On The Waterfront” 1954



Theme: REDEMPTION! It follows man who has done horrible things in the past and wants to redeem himself with the help of an innocent catholic girl and an upset labor priest.

Genre: Drama/Gangster with hints of Film Noir

Canonical: New York City docks of the late 1940’s. It is a world filled with wealthy gangsters, struggling longshoremen and the Catholic Church. (People are D&D.)

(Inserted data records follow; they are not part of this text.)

(* Let $n\geq 4$ and let $T_n$ be the group with generators $z,t_1,\dots,t_{n-1}$ and relations $t_i^2=1$ ($1\le i\le n-1$), $(t_jt_{j+1})^3=1$ ($1\le j\le n-2$), $(t_kt_l)^2=z$ (for $k\le l-2$), $z^2=1$ and $zt_i=t_iz$ ($1\le i\le n-1$). Let $i,j\in\{1,\dots,n\}$ with $i\neq j$ and let $k\in\{1,\dots,n-1\}$. Then \[ s_k\triangleright [i\;j]=[s_k(i)\;s_k(j)]\,z . \]
   Context: $\mathbb{S}_n$ is the symmetric group, $s_k=(k\;k+1)$ denotes the adjacent transposition, and $p:T_n\to\mathbb{S}_n$ is the surjective homomorphism with $p(t_k)=s_k$, $p(z)=1$; its kernel is $\langle z\rangle$, which is central of order $2$. For $\sigma\in\mathbb{S}_n$ and $t\in T_n$, define $\sigma\triangleright t=\bar\sigma t\bar\sigma^{-1}$, where $\bar\sigma\in T_n$ is any element with $p(\bar\sigma)=\sigma$ (this is independent of the choice since $z$ is central). For $1\le i,j\le n$, $i\ne j$, the elements $[i\;j]\in T_n$ are defined inductively by $[i\;i+1]=t_i$; $[i\;j]=(s_i\triangleright[i+1\;j])\,z$ for $i+1<j$; and $[j\;i]=[i\;j]\,z$ for $i<j$. *)

theory Defs
  imports "HOL-Algebra.Algebra"
begin

definition Tn_presented :: "('a, 'b) monoid_scheme \<Rightarrow> nat \<Rightarrow> 'a \<Rightarrow> (nat \<Rightarrow> 'a) \<Rightarrow> bool" where
  "Tn_presented G n z t \<longleftrightarrow>
     group G \<and> z \<in> carrier G \<and> (\<forall>i\<in>{1..n-1}. t i \<in> carrier G) \<and>
     carrier G = generate G (insert z (t ` {1..n-1})) \<and>
     (\<forall>i\<in>{1..n-1}. t i \<otimes>\<^bsub>G\<^esub> t i = \<one>\<^bsub>G\<^esub>) \<and>
     (\<forall>j\<in>{1..n-2}. (t j \<otimes>\<^bsub>G\<^esub> t (j+1)) [^]\<^bsub>G\<^esub> (3::nat) = \<one>\<^bsub>G\<^esub>) \<and>
     (\<forall>k\<in>{1..n-1}. \<forall>l\<in>{1..n-1}. k + 2 \<le> l \<longrightarrow>
         (t k \<otimes>\<^bsub>G\<^esub> t l) [^]\<^bsub>G\<^esub> (2::nat) = z) \<and>
     z \<otimes>\<^bsub>G\<^esub> z = \<one>\<^bsub>G\<^esub> \<and>
     (\<forall>i\<in>{1..n-1}. z \<otimes>\<^bsub>G\<^esub> t i = t i \<otimes>\<^bsub>G\<^esub> z)"

definition sadj :: "nat \<Rightarrow> nat \<Rightarrow> nat" where
  "sadj k = Transposition.transpose k (Suc k)"

definition tri :: "('a, 'b) monoid_scheme \<Rightarrow> ('a \<Rightarrow> nat \<Rightarrow> nat) \<Rightarrow> (nat \<Rightarrow> nat) \<Rightarrow> 'a \<Rightarrow> 'a" where
  "tri G p \<sigma> x = (let g = (SOME g. g \<in> carrier G \<and> p g = \<sigma>) in
      g \<otimes>\<^bsub>G\<^esub> x \<otimes>\<^bsub>G\<^esub> inv\<^bsub>G\<^esub> g)"

text \<open>brk_up G p z t i d = [i  i+d+1].\<close>
fun brk_up :: "('a, 'b) monoid_scheme \<Rightarrow> ('a \<Rightarrow> nat \<Rightarrow> nat) \<Rightarrow> 'a \<Rightarrow> (nat \<Rightarrow> 'a) \<Rightarrow> nat \<Rightarrow> nat \<Rightarrow> 'a" where
  "brk_up G p z t i 0 = t i"
| "brk_up G p z t i (Suc d) = tri G p (sadj i) (brk_up G p z t (Suc i) d) \<otimes>\<^bsub>G\<^esub> z"

definition brk :: "('a, 'b) monoid_scheme \<Rightarrow> ('a \<Rightarrow> nat \<Rightarrow> nat) \<Rightarrow> 'a \<Rightarrow> (nat \<Rightarrow> 'a) \<Rightarrow> nat \<Rightarrow> nat \<Rightarrow> 'a" where
  "brk G p z t i j =
     (if i < j then brk_up G p z t i (j - i - 1)
      else brk_up G p z t j (i - j - 1) \<otimes>\<^bsub>G\<^esub> z)"

end

theory Submission
  imports Defs
begin

(*
  Since the kernel of p is generated by the central element z, every lift of s_k is t_k up to a
  central factor, so s_k acts by conjugation with t_k.  Write [a  j] = t_a [a+1  j] t_a z for
  a < j and compare t_k [a  j] t_k with [s_k a  s_k j] z according to the position of k.  For
  k = a - 1 this is the recursion itself, and for k = j it follows by induction on j - a from the
  braid relation, t_j commuting with t_a up to z.  The cases k = a and k = j - 1 are their
  inverses, since conjugation by t_k is an involution.  If s_k fixes a and j, then t_k commutes
  with [a  j] up to z, again by induction, using the braid relation when k = a + 1.  Finally
  [j  i] = [i  j] z reduces i > j to i < j.
*)

lemma (in group) generate_commute:
  assumes "S \<subseteq> carrier G" "x \<in> carrier G" "\<And>s. s \<in> S \<Longrightarrow> s \<otimes> x = x \<otimes> s"
    and "h \<in> generate G S"
  shows "h \<otimes> x = x \<otimes> h"
proof -
  let ?C = "{g \<in> carrier G. g \<otimes> x = x \<otimes> g}"
  have "subgroup ?C G"
  proof (rule subgroupI)
    fix g assume "g \<in> ?C"
    then have g: "g \<in> carrier G" "g \<otimes> x = x \<otimes> g" by auto
    have "inv g \<otimes> x = inv g \<otimes> (x \<otimes> g) \<otimes> inv g"
      using g(1) assms(2) by (simp add: m_assoc)
    also have "\<dots> = inv g \<otimes> (g \<otimes> x) \<otimes> inv g"
      using g(2) by simp
    also have "\<dots> = x \<otimes> inv g"
      using g(1) assms(2) by (simp flip: m_assoc)
    finally show "inv g \<in> ?C"
      using g by simp
  next
    fix g h assume "g \<in> ?C" "h \<in> ?C"
    then show "g \<otimes> h \<in> ?C"
      using assms(2) by (simp add: m_assoc) (metis m_assoc)
  qed (use assms(2) in auto)
  then have "generate G S \<subseteq> ?C"
    using assms(1,3) by (intro generate_subgroup_incl) auto
  then show ?thesis using assms(4) by blast
qed

locale Tn_projection =
  fixes G :: "('a, 'b) monoid_scheme" (structure)
    and n :: nat and z :: 'a and t :: "nat \<Rightarrow> 'a" and p :: "'a \<Rightarrow> nat \<Rightarrow> nat"
  assumes presented: "Tn_presented G n z t"
    and p_hom: "p \<in> hom G (sym_group n)"
    and p_t: "\<forall>m\<in>{1..n-1}. p (t m) = sadj m"
    and p_kernel: "kernel G (sym_group n) p = generate G {z}"

sublocale Tn_projection \<subseteq> group G
  using presented by (simp add: Tn_presented_def)

context Tn_projection
begin

lemma t_closed [simp]: "1 \<le> k \<Longrightarrow> k < n \<Longrightarrow> t k \<in> carrier G"
  using presented unfolding Tn_presented_def by (elim conjE) auto

lemma z_closed [simp]: "z \<in> carrier G"
  using presented unfolding Tn_presented_def by blast

lemma t_t [simp]: "1 \<le> k \<Longrightarrow> k < n \<Longrightarrow> t k \<otimes> t k = \<one>"
  using presented unfolding Tn_presented_def by (elim conjE) auto

lemma t_t_cancel [simp]: "1 \<le> k \<Longrightarrow> k < n \<Longrightarrow> x \<in> carrier G \<Longrightarrow> t k \<otimes> (t k \<otimes> x) = x"
  by (simp flip: m_assoc)

lemma z_z [simp]: "z \<otimes> z = \<one>"
  using presented unfolding Tn_presented_def by blast

lemma z_central: "g \<in> carrier G \<Longrightarrow> g \<otimes> z = z \<otimes> g"
proof -
  assume g: "g \<in> carrier G"
  have gen: "carrier G = generate G (insert z (t ` {1..n-1}))"
    and zt: "\<forall>i\<in>{1..n-1}. z \<otimes> t i = t i \<otimes> z"
    using presented unfolding Tn_presented_def by blast+
  show ?thesis
  proof (rule generate_commute)
    show "insert z (t ` {1..n-1}) \<subseteq> carrier G" by auto
    show "g \<in> generate G (insert z (t ` {1..n-1}))" using g gen by blast
    show "s \<otimes> z = z \<otimes> s" if "s \<in> insert z (t ` {1..n-1})" for s
      using that zt by auto
  qed simp
qed

lemma kernel_central: "c \<in> generate G {z} \<Longrightarrow> y \<in> carrier G \<Longrightarrow> c \<otimes> y = y \<otimes> c"
  by (rule generate_commute[of "{z}"]) (auto simp: z_central[of y])

lemma far_relation: "1 \<le> k \<Longrightarrow> l < n \<Longrightarrow> k + 2 \<le> l \<Longrightarrow> (t k \<otimes> t l) [^] (2::nat) = z"
proof -
  assume "1 \<le> k" "l < n" "k + 2 \<le> l"
  moreover have "\<forall>k\<in>{1..n-1}. \<forall>l\<in>{1..n-1}. k + 2 \<le> l \<longrightarrow> (t k \<otimes> t l) [^] (2::nat) = z"
    using presented unfolding Tn_presented_def by blast
  ultimately show ?thesis by simp
qed

lemma braid_relation: "1 \<le> a \<Longrightarrow> Suc a < n \<Longrightarrow> (t a \<otimes> t (Suc a)) [^] (3::nat) = \<one>"
proof -
  assume "1 \<le> a" "Suc a < n"
  moreover have "\<forall>j\<in>{1..n-2}. (t j \<otimes> t (j+1)) [^] (3::nat) = \<one>"
    using presented unfolding Tn_presented_def by blast
  ultimately show ?thesis by simp
qed

lemma mult_z_left_comm: "x \<in> carrier G \<Longrightarrow> y \<in> carrier G \<Longrightarrow> x \<otimes> (z \<otimes> y) = z \<otimes> (x \<otimes> y)"
  by (simp add: z_central[of x] flip: m_assoc)

lemma t_far_comm:
  assumes "1 \<le> k" "k < n" "1 \<le> l" "l < n" "k + 2 \<le> l \<or> l + 2 \<le> k"
  shows "t k \<otimes> t l = z \<otimes> (t l \<otimes> t k)"
proof -
  have flip: "t a \<otimes> t b = z \<otimes> (t b \<otimes> t a)" if "1 \<le> a" "b < n" "a + 2 \<le> b" for a b
  proof -
    have "t a \<otimes> t b \<otimes> (t a \<otimes> t b) = z"
      using far_relation[OF that] that by (simp add: numeral_2_eq_2)
    then have "z \<otimes> (t b \<otimes> t a) = t a \<otimes> t b \<otimes> (t a \<otimes> t b) \<otimes> (t b \<otimes> t a)"
      by simp
    also have "\<dots> = t a \<otimes> t b"
      using that by (simp add: m_assoc)
    finally show ?thesis ..
  qed
  show ?thesis
  proof (cases "k + 2 \<le> l")
    case True
    then show ?thesis using assms flip[of k l] by simp
  next
    case False
    have "t k \<otimes> t l = z \<otimes> (z \<otimes> (t k \<otimes> t l))"
      using assms by (simp flip: m_assoc)
    also have "z \<otimes> (t k \<otimes> t l) = t l \<otimes> t k"
      using False assms flip[of l k] by simp
    finally show ?thesis .
  qed
qed

definition tconj :: "nat \<Rightarrow> 'a \<Rightarrow> 'a" where
  "tconj k x = t k \<otimes> x \<otimes> t k"

lemma tconj_closed [simp]: "1 \<le> k \<Longrightarrow> k < n \<Longrightarrow> x \<in> carrier G \<Longrightarrow> tconj k x \<in> carrier G"
  by (simp add: tconj_def)

lemma tconj_tconj [simp]: "1 \<le> k \<Longrightarrow> k < n \<Longrightarrow> x \<in> carrier G \<Longrightarrow> tconj k (tconj k x) = x"
  by (simp add: tconj_def m_assoc)

lemma tconj_t_self: "1 \<le> k \<Longrightarrow> k < n \<Longrightarrow> tconj k (t k) = t k"
  by (simp add: tconj_def m_assoc)

lemma tconj_mult_z:
  "1 \<le> k \<Longrightarrow> k < n \<Longrightarrow> x \<in> carrier G \<Longrightarrow> tconj k (x \<otimes> z) = tconj k x \<otimes> z"
  by (simp add: tconj_def m_assoc mult_z_left_comm z_central[of "t k"])

lemma tconj_eq_mult_z_sym:
  assumes "1 \<le> k" "k < n" "x \<in> carrier G" "y \<in> carrier G" and "tconj k x = y \<otimes> z"
  shows "tconj k y = x \<otimes> z"
proof -
  have "x = tconj k (y \<otimes> z)" using assms by (metis tconj_tconj)
  then show ?thesis using assms by (simp add: tconj_mult_z m_assoc)
qed

lemma tconj_t_far:
  assumes "1 \<le> k" "k < n" "1 \<le> l" "l < n" "k + 2 \<le> l \<or> l + 2 \<le> k"
  shows "tconj k (t l) = t l \<otimes> z"
  using assms by (simp add: tconj_def t_far_comm m_assoc z_central[of "t l"])

lemma tconj_far_comm:
  assumes "1 \<le> k" "k < n" "1 \<le> l" "l < n" "k + 2 \<le> l \<or> l + 2 \<le> k" "x \<in> carrier G"
  shows "tconj k (tconj l x) = tconj l (tconj k x)"
proof -
  have swap: "t k \<otimes> t l = z \<otimes> (t l \<otimes> t k)"
    using assms(1-5) by (rule t_far_comm)
  have "tconj k (tconj l x) = (t k \<otimes> t l) \<otimes> x \<otimes> (t l \<otimes> t k)"
    using assms by (simp add: tconj_def m_assoc)
  also have "\<dots> = z \<otimes> (t l \<otimes> t k \<otimes> x \<otimes> (t l \<otimes> t k))"
    using assms by (subst swap) (simp add: m_assoc)
  also have "\<dots> = t l \<otimes> t k \<otimes> x \<otimes> (z \<otimes> (t l \<otimes> t k))"
    using assms by (simp add: m_assoc mult_z_left_comm)
  also have "\<dots> = tconj l (tconj k x)"
    using assms by (subst swap[symmetric]) (simp add: tconj_def m_assoc)
  finally show ?thesis .
qed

History: “On the Waterfront” was based on articles published in the New York Sun by Malcom Johnson who won the Pulitzer Prize for local reporting in 1949.

Director- Elia Kazan
• Studied at Yale School of Drama
• Theatre credits “A Streetcar Names Desire” and Cat on a Hot Tin Roof” which put Tennessee Williams in the spotlight for writing. He also did the same thing for Aurthur Miller directing “All My Sons” and “Death of a Salesman.”
• Did little directing in the scenes. Relied on talents of the actors and use of small items and props. Did not change sets or spice up locations. Wanted the true dark and filthy mood to be captured.
• Had a dislike for the producer, Sam Spiegel, because he was in it for the $$$.
• Most famous scene in cab ride, there was no directing. Just a cab shell, great acting, camera work, sound effect of a light switch of interior, and the exterior lighting of the streets.

Priest John Corridan was the real life version on Father Barry. He was a chain smoking, fast talking labor priest who was fed up with injustice. Bud Schulberg spent months interviewing the longshoremen, drinking in the union and mobster bars, also spent weeks with Corridan.

Commentary
• Brandow vs. Sinatra for lead role
• All brilliant movies tend to happen by accident. You bring together 250 strangers for one project and things you did not expect happen. (i.e. wedding scene with dancing and night/day scene.
• Neorealist, Documentary, Flat Style. No extreme beauty.